Raúl Mendoza Cánepa

Hipocondría

Cuento

Hipocondría
Raúl Mendoza Cánepa
24 de junio del 2024


“Me llamo Eliseo Blanco. Soplo con fuerza sobre la vela, que ahora humea. Me abraza, la abrazo. Cuando se alcanza los cincuenta es un ritual que redime o aniquila”. Tus ojos se dilatan, se hinchan, alfileretean. 

A las seis debes presentarte en el sepelio de Juan Alberti, un compañero de la universidad. El hijo mayor del profesor Paco Alberti. Preguntan de qué se murió, y todos callan; pareciera que morirse es un escándalo.
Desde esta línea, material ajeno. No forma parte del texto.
lemma continuous_map_inverse:
  fixes f :: "'a \<Rightarrow> 'b::real_normed_div_algebra"
  assumes "continuous_map X euclidean f" "\<And>x. x \<in> topspace X \<Longrightarrow> f x \<noteq> 0"
  shows "continuous_map X euclidean (\<lambda>x. inverse (f x))"
  using assms by (simp add: continuous_map_atin tendsto_inverse)

lemma CbI:
  assumes "continuous_map X euclidean f" "\<And>x. x \<in> topspace X \<Longrightarrow> norm (f x) \<le> M"
    "\<And>x. x \<notin> topspace X \<Longrightarrow> f x = 0"
  shows "f \<in> Cb X"
  using assms unfolding Cb_def by blast

lemma CbD:
  assumes "f \<in> Cb X"
  shows "continuous_map X euclidean f" "\<And>x. x \<notin> topspace X \<Longrightarrow> f x = 0"
  using assms unfolding Cb_def by blast+

lemma Cb_bound:
  assumes "f \<in> Cb X"
  obtains M where "M \<ge> 0" "\<And>x. norm (f x) \<le> M"
proof -
  obtain M where M: "\<forall>x\<in>topspace X. norm (f x) \<le> M" using assms unfolding Cb_def by blast
  have "norm (f x) \<le> max M 0" for x
    using M CbD(2)[OF assms, of x] by (cases "x \<in> topspace X") auto
  then show ?thesis using that[of "max M 0"] by simp
qed

lemma Cb_zero: "(\<lambda>x. 0) \<in> Cb X"
  by (rule CbI[where M=0]) auto

lemma Cb_const_on: "(\<lambda>x. if x \<in> topspace X then c else 0) \<in> Cb X"
proof (rule CbI[where M="norm c"])
  show "continuous_map X euclidean (\<lambda>x. if x \<in> topspace X then c else 0)"
    by (rule continuous_map_eq[of _ _ "\<lambda>x. c"]) auto
qed auto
Salvatierra te llama, atiesado y contrito: “Se murió de un cáncer en los huevos”. Cavilas, languideces, sudas.

–Mi más sentido pésame, señora –dice Carlos, mientras repites el gesto.
–Ustedes son sus compañeros de promoción, tomen asiento –farfulla. 

Carlitos sonríe nervioso, extrañado de la suave gentileza de la mujer. Se siente el intenso perfume de los arreglos; tulipanes y gladiolos rodean a un girasol. Un sofá tornasolado relumbra en los ojos. La ventana lateral se agita con el viento, tiene varias capas de herrumbre en los lados. Un reloj acompasa la vista de estantes y enciclopedias. Los cubiertos platinados alumbran desde lejos. 

Te acercas al ataúd. Cierras los ojos. La cara ajada del muerto se deshace como un destello que se rompe en la niebla tras tus párpados. Carlitos te hace una señal para que te serenes, detiene sus ojos en la lámina de sudor de tu frente, crepita el sobre de la clínica en un bolsillo de tu pantalón. Desde la galería se perfilan ángeles, es una cenefa que recorre el muro lateral del comedor hasta el vitral. Un bulto de saliva espesa corta tu respiración, rompes en una tos seca mientras oyes los tacos huecos de la señora que desciende por la escalera. 

–Mi más sentido pésame, señora. 

El padre se acerca adusto. El hombre tiene un chaleco apretado, liliáceo, que su mujer le ha tejido. Cubre una vieja cicatriz diagonal en el cuello. El viejo tiene la mirada lánguida. Exhala con fuerza, se aleja, echa un chorro de aceite en la chimenea. Una flama brota. Las llamaradas proyectan luminiscencias vagas. Carlos profana el recinto donde reposa el ataúd, ese cuadrante gris que resguarda el despojo y el ajuar funerario dentro de aquella atmósfera caliente y espesa. 

Puedes distinguir un espejo, tu rostro amoratado cubierto por un ramaje de venas encima de los ojos. Piensas en los reservorios de vida que te quedan, en la carta sin leer de la Clínica Romero. Un punzón socava tus pulmones. Te pones de pie. Ganas la calle, silencioso, te palpas, estás convencido que hay una montaña que se eleva en tu carne y una leve tumefacción. Eres el papel vacío y la taza volcada, un roble cargado de alcohol y nicotina. El resplandor de tus ojos enrojecidos se vierte en las lunas de un automóvil. “Clínica Romero”. Tomas el sobre blanco de contornos azules. Boqueas el humo de tu cigarro, las manos te tiemblan, una densa humareda te envuelve. Tienes el rostro duro y apretado. Caminas hacia el malecón. 

Deambulas con el sobre cerrado, la respuesta puede abrirte el pecho como una fruta. “Clínica Romero”, las grafías delgadas y sutiles, un sello rojo carmín en la esquina superior. Tu corazón vuelca como una espesa avalancha de lodo. 

Lo observas tratando de distinguir a trasluz alguna palabra. Una esperanza bruta rutila. Lo tomas, lo doblas, das vueltas sin abrirlo. Pareces caer sobre tu propio peso, no tienes fuerza para morirte... Los desgarros hacen presa de ti como las zarpas de un tigre bengalí. Y el sobre blanco con todos sus enigmas aguarda la hora precisa del mediodía, una buena hora para sobrevivir, la mejor de todas, cuando el sol rige sobre el mundo con todo su esplendor.